The chemistry between Steve and his friends can often be hit or miss, but their dynamic works well in this situation. There’s a very comfortable energy between all of them, whether it’s in the calmer beginning of the episode or after things become more intense for them in prison. Tiny moments like Barry’s banter over the amount of molecules he’s able to fit into Steve’s duck scrotum backpack play really well. “American Data?” also does a good job to juxtapose everyone’s behavior pre- and post-prison experiment and how they’re still there for each other, even if the obligations of being a friend become more extreme.
While it’s much less of a priority for the episode, the same sort of camaraderie is present during Stan’s CIA briefings. The idea that Bullock regularly gossips over the sex lives of the CIA’s custodial staff like it’s must-see television is also oddly fulfilling. Even Roger’s constant digressions over his love for binders, which just confound those around him, are a strong running source of levity.
American Dad has a number of excellent long-running jokes that show just how absurdly brilliant they can be, while still applying a weird respect to continuity. “American Data?” literally resurrects one of my favorite jokes from the series, CIA therapist Ray Petit (who’s still played by Ted Danson), and the continually vicious ways that he dies. As soon as he appears in the episode fans know that he’ll meet his fourth death by the time that the credits role, but it just creates even more anticipation over the eventuality. Even when you are prepared for this fatality, there’s no way to be properly prepared for it. It’s easily one of the most unexpectedly graphic and hilarious visuals since the infamous elbow drop from “Cops and Roger.”

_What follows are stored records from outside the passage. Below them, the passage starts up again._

lemma kolmogorov_sol_avoid_has_integral:
  fixes Q :: "real \<Rightarrow> 'j set \<Rightarrow> 'j set \<Rightarrow> real" and R :: "real \<Rightarrow> 'j \<Rightarrow> 'j set \<Rightarrow> real"
  assumes sol: "kolmogorov_sol (Pow J) {} Q p" and fin: "finite J" and t: "t \<in> {0..1}"
    and Q: "\<And>r S S'. Q r S S' = (\<Sum>w\<in>J-S. if S' = insert w S then R r w S else 0)"
    and V: "V \<subseteq> J"
  shows "((\<lambda>r. - (\<Sum>S\<in>{S. S \<subseteq> J \<and> S \<inter> V = {}}. p r S * (\<Sum>w\<in>V. R r w S)))
          has_integral ((\<Sum>S\<in>{S. S \<subseteq> J \<and> S \<inter> V = {}}. p t S) - 1)) {0..t}"
proof -
  let ?\<phi> = "\<lambda>S. of_bool (S \<inter> V = {}) :: real"
  have finP: "finite (Pow J)" using fin by simp
  have avoid: "{S\<in>Pow J. S \<inter> V = {}} = {S. S \<subseteq> J \<and> S \<inter> V = {}}" by auto
  have p0: "p 0 S = of_bool (S = {})" if "S \<in> Pow J" for S
    using sol that unfolding kolmogorov_sol_def by auto
  have "(\<Sum>S\<in>Pow J. ?\<phi> S * p 0 S) = (\<Sum>S\<in>Pow J. if S = {} then 1 else 0)"
    by (intro sum.cong) (auto simp: p0)
  moreover have "(\<Sum>S\<in>Pow J. ?\<phi> S * p t S) = (\<Sum>S\<in>Pow J. if S \<inter> V = {} then p t S else 0)"
    by (intro sum.cong) auto
  ultimately have change: "(\<Sum>S\<in>Pow J. ?\<phi> S * (p t S - p 0 S)) = (\<Sum>S\<in>{S. S \<subseteq> J \<and> S \<inter> V = {}}. p t S) - 1"
    using finP by (simp add: right_diff_distrib sum_subtractf avoid flip: sum.inter_filter)
  have "(\<Sum>S'\<in>Pow J-{S}. Q r S S' * (?\<phi> S' - ?\<phi> S)) = (if S \<inter> V = {} then - (\<Sum>w\<in>V. R r w S) else 0)"
    if "S \<in> Pow J" for r S
    unfolding Q using that by (intro sum_insert_jumps_avoiding fin V) auto
  then have "(\<Sum>S\<in>Pow J. p r S * (\<Sum>S'\<in>Pow J-{S}. Q r S S' * (?\<phi> S' - ?\<phi> S)))
      = (\<Sum>S\<in>Pow J. if S \<inter> V = {} then - (p r S * (\<Sum>w\<in>V. R r w S)) else 0)" for r
    by (intro sum.cong) simp_all
  then show ?thesis
    using kolmogorov_sol_has_integral_expectation[OF sol finP t, of ?\<phi>] finP
    by (simp add: change avoid sum_negf flip: sum.inter_filter)
qed

section \<open>Integral inequalities\<close>

lemma has_integral_le_integral:
  fixes \<beta> e :: "real \<Rightarrow> real"
  assumes "(\<beta> has_integral I) {a..b}" and "continuous_on {a..b} e" and "\<And>r. r \<in> {a..b} \<Longrightarrow> \<beta> r \<le> e r"
  shows "I \<le> integral {a..b} e"
  using has_integral_le[OF assms(1) integrable_integral[OF integrable_continuous_interval[OF assms(2)]]] assms(3)
  by blast

lemma has_integral_abs_le_integral:
  fixes \<beta> e :: "real \<Rightarrow> real"
  assumes \<beta>: "(\<beta> has_integral I) {a..b}" and e: "continuous_on {a..b} e"
    and le: "\<And>r. r \<in> {a..b} \<Longrightarrow> \<bar>\<beta> r\<bar> \<le> e r"
  shows "\<bar>I\<bar> \<le> integral {a..b} e"
proof -
  have "I \<le> integral {a..b} e" using has_integral_le_integral[OF \<beta> e] le by force
  moreover have "- I \<le> integral {a..b} e"
    using has_integral_le_integral[OF has_integral_neg[OF \<beta>] e] le by force
  ultimately show ?thesis by linarith
qed

lemma gronwall_zero:
  fixes e :: "real \<Rightarrow> real"
  assumes cont: "continuous_on {0..b} e" and nonneg: "\<And>t. t \<in> {0..b} \<Longrightarrow> 0 \<le> e t" and "0 \<le> K"
    and le: "\<And>t. t \<in> {0..b} \<Longrightarrow> e t \<le> K * integral {0..t} e"
    and t: "t \<in> {0..b}"
  shows "e t = 0"
proof -
  define E where "E s = integral {0..s} e" for s
  define W where "W s = E s * exp (- K * s)" for s
  have "E t \<le> 0"
  proof (cases "t = 0")
    case True then show ?thesis by (simp add: E_def)
  next
    case False
    with t have "0 < t" by auto
    have ct: "continuous_on {0..t} e" using t by (intro continuous_on_subset[OF cont]) auto
    have "(W has_real_derivative (e s - K * E s) * exp (- K * s)) (at s within {0..t})"
      if s: "s \<in> {0..t}" for s
    proof -
      have "(E has_real_derivative e s) (at s within {0..t})"
        unfolding E_def by (rule integral_has_real_derivative[OF ct s])
      then have "((\<lambda>s. E s * exp (- K * s)) has_real_derivative
          (e s * exp (- K * s) + (exp (- K * s) * (- K)) * E s)) (at s within {0..t})"
        by (auto intro!: derivative_eq_intros)
      then show ?thesis unfolding W_def by (simp add: algebra_simps)
    qed
    then have "\<exists>\<xi>\<in>{0<..<t}. W t - W 0 = (\<lambda>h. (e \<xi> - K * E \<xi>) * exp (- K * \<xi>) * h) (t - 0)"
      by (intro mvt_simple[OF \<open>0 < t\<close>] has_field_derivative_imp_has_derivative) auto
    then obtain \<xi> where \<xi>: "\<xi> \<in> {0<..<t}" "W t - W 0 = (e \<xi> - K * E \<xi>) * exp (- K * \<xi>) * t"
      by auto
    have "e \<xi> - K * E \<xi> \<le> 0" using le[of \<xi>] \<xi>(1) t by (auto simp: E_def)
    then have "W t \<le> 0" using \<xi>(2) \<open>0 < t\<close> by (simp add: W_def E_def mult_nonpos_nonneg)
    then show ?thesis by (simp add: W_def mult_le_0_iff)
  qed
  then have "e t \<le> 0" using le[OF t] \<open>0 \<le> K\<close> unfolding E_def by (smt (verit) mult_nonneg_nonpos)
  with nonneg[OF t] show ?thesis by simp
qed

lemma last_zero_before:
  fixes h :: "real \<Rightarrow> real"
  assumes t: "0 \<le> t" and hc: "continuous_on {0..t} h" and "h 0 \<le> 0" and "0 < h t"
  obtains t1 where "0 \<le> t1" "t1 \<le> t" "h t1 = 0" "\<And>r. r \<in> {t1..t} \<Longrightarrow> 0 \<le> h r"
proof -
  define Z where "Z = {0..t} \<inter> h -` {..0}"
  have "closed Z" unfolding Z_def by (rule continuous_closed_preimage[OF hc]) auto
  moreover have "bounded Z" unfolding Z_def by (rule bounded_subset[of "{0..t}"]) auto
  ultimately have "compact Z" by (simp add: compact_eq_bounded_closed)
  moreover have "Z \<noteq> {}" unfolding Z_def using t \<open>h 0 \<le> 0\<close> by auto
  ultimately have "\<exists>t1\<in>Z. \<forall>y\<in>Z. y \<le> t1" by (rule compact_attains_sup)
  then obtain t1 where "t1 \<in> Z" and t1_max: "\<And>y. y \<in> Z \<Longrightarrow> y \<le> t1" by blast
  then have t1: "0 \<le> t1" "t1 \<le> t" "h t1 \<le> 0" unfolding Z_def by auto
  obtain z where z: "t1 \<le> z" "z \<le> t" "h z = 0"
    using IVT'[of h t1 0 t] t1 \<open>0 < h t\<close> continuous_on_subset[OF hc, of "{t1..t}"] by force
  then have "z \<in> Z" unfolding Z_def using t1 by auto
  then have "z = t1" using t1_max z by force
  then have "h t1 = 0" using z by simp
  moreover have "0 \<le> h r" if "r \<in> {t1..t}" for r
  proof (rule ccontr)
    assume "\<not> 0 \<le> h r"
    then have "r \<in> Z" unfolding Z_def using that t1 by auto
    then have "r \<le> t1" by (rule t1_max)
    then show False using that \<open>h t1 = 0\<close> \<open>\<not> 0 \<le> h r\<close> by auto
  qed
  ultimately show ?thesis using t1(1,2) by (intro that)
qed

text \<open>Only the times where \<open>h \<ge> 0\<close> matter: if \<open>h t > 0\<close>, then \<open>h\<close> stays nonnegative between its
last zero \<open>t1\<close> before \<open>t\<close> and \<open>t\<close>, so \<open>h t = \<integral>[t1,t] \<beta> \<le> \<integral>[t1,t] e\<close>.\<close>

lemma integral_bound_while_nonneg:
  fixes h \<beta> e :: "real \<Rightarrow> real"
  assumes t: "0 \<le> t" and hc: "continuous_on {0..t} h"
    and h: "\<And>s. s \<in> {0..t} \<Longrightarrow> (\<beta> has_integral h s) {0..s}"
    and \<beta>: "\<And>r. r \<in> {0..t} \<Longrightarrow> 0 \<le> h r \<Longrightarrow> \<beta> r \<le> e r"
    and ec: "continuous_on {0..t} e" and en: "\<And>r. r \<in> {0..t} \<Longrightarrow> 0 \<le> e r"
  shows "h t \<le> integral {0..t} e"
proof -
  have eint: "e integrable_on {0..t}" by (rule integrable_continuous_interval[OF ec])
  have e_nonneg: "0 \<le> integral {c..d} e" if "0 \<le> c" "d \<le> t" for c d
    using that by (intro Henstock_Kurzweil_Integration.integral_nonneg integrable_subinterval_real[OF eint])
      (auto intro: en)
  have "(\<beta> has_integral h 0) {0..0}" using h[of 0] t by simp
  then have "h 0 = 0" by (rule has_integral_unique) auto
  show ?thesis
  proof (cases "h t \<le> 0")
    case True then show ?thesis using e_nonneg[of 0 t] by linarith
  next
    case False
    then have "0 < h t" by simp
    obtain t1 where t1: "0 \<le> t1" "t1 \<le> t" "h t1 = 0" and h_nonneg: "\<And>r. r \<in> {t1..t} \<Longrightarrow> 0 \<le> h r"
      using last_zero_before[OF t hc _ \<open>0 < h t\<close>] \<open>h 0 = 0\<close> by (metis order_refl)
    have bint: "\<beta> integrable_on {0..t}" using h[of t] t by auto
    have "integral {0..t1} \<beta> + integral {t1..t} \<beta> = integral {0..t} \<beta>"
      by (rule Henstock_Kurzweil_Integration.integral_combine[OF t1(1,2) bint])
    moreover have "integral {0..t1} \<beta> = h t1" "integral {0..t} \<beta> = h t"
      using h[of t1] h[of t] t1 by (auto intro: integral_unique)
    ultimately have "h t = integral {t1..t} \<beta>" using \<open>h t1 = 0\<close> by simp
    also have "\<dots> \<le> integral {t1..t} e"
      using has_integral_le_integral[OF integrable_integral[OF integrable_subinterval_real[OF bint]], of t1 t e]
        continuous_on_subset[OF ec, of "{t1..t}"] \<beta> h_nonneg t1 by auto
    also have "\<dots> \<le> integral {0..t1} e + integral {t1..t} e" using e_nonneg[of 0 t1] t1 by simp
    also have "\<dots> = integral {0..t} e"
      by (rule Henstock_Kurzweil_Integration.integral_combine[OF t1(1,2) eint])
    finally show ?thesis .
  qed
qed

“American Data?” is another successful entry in what’s been a strong season so far. The episode doesn’t exactly venture into new territory, but the dialogue and script is just weird and funny across the board. It’s a fun examination of all of these characters and Stan’s story is honestly a fantastic meditation on grief. Explorations into character and friendship put together with some truly unusual visuals help “American Data?” stand out and have plenty to offer, even if you’re not a fan of the story. Here’s hoping that Stan won’t have to lose another friend in order to bring on the next appearance of Dr. Ray Petit.
And for any of you out there that think the concept of calf implants is absurd, then why did a cool-headed, rational individual like Johnny Drama get them?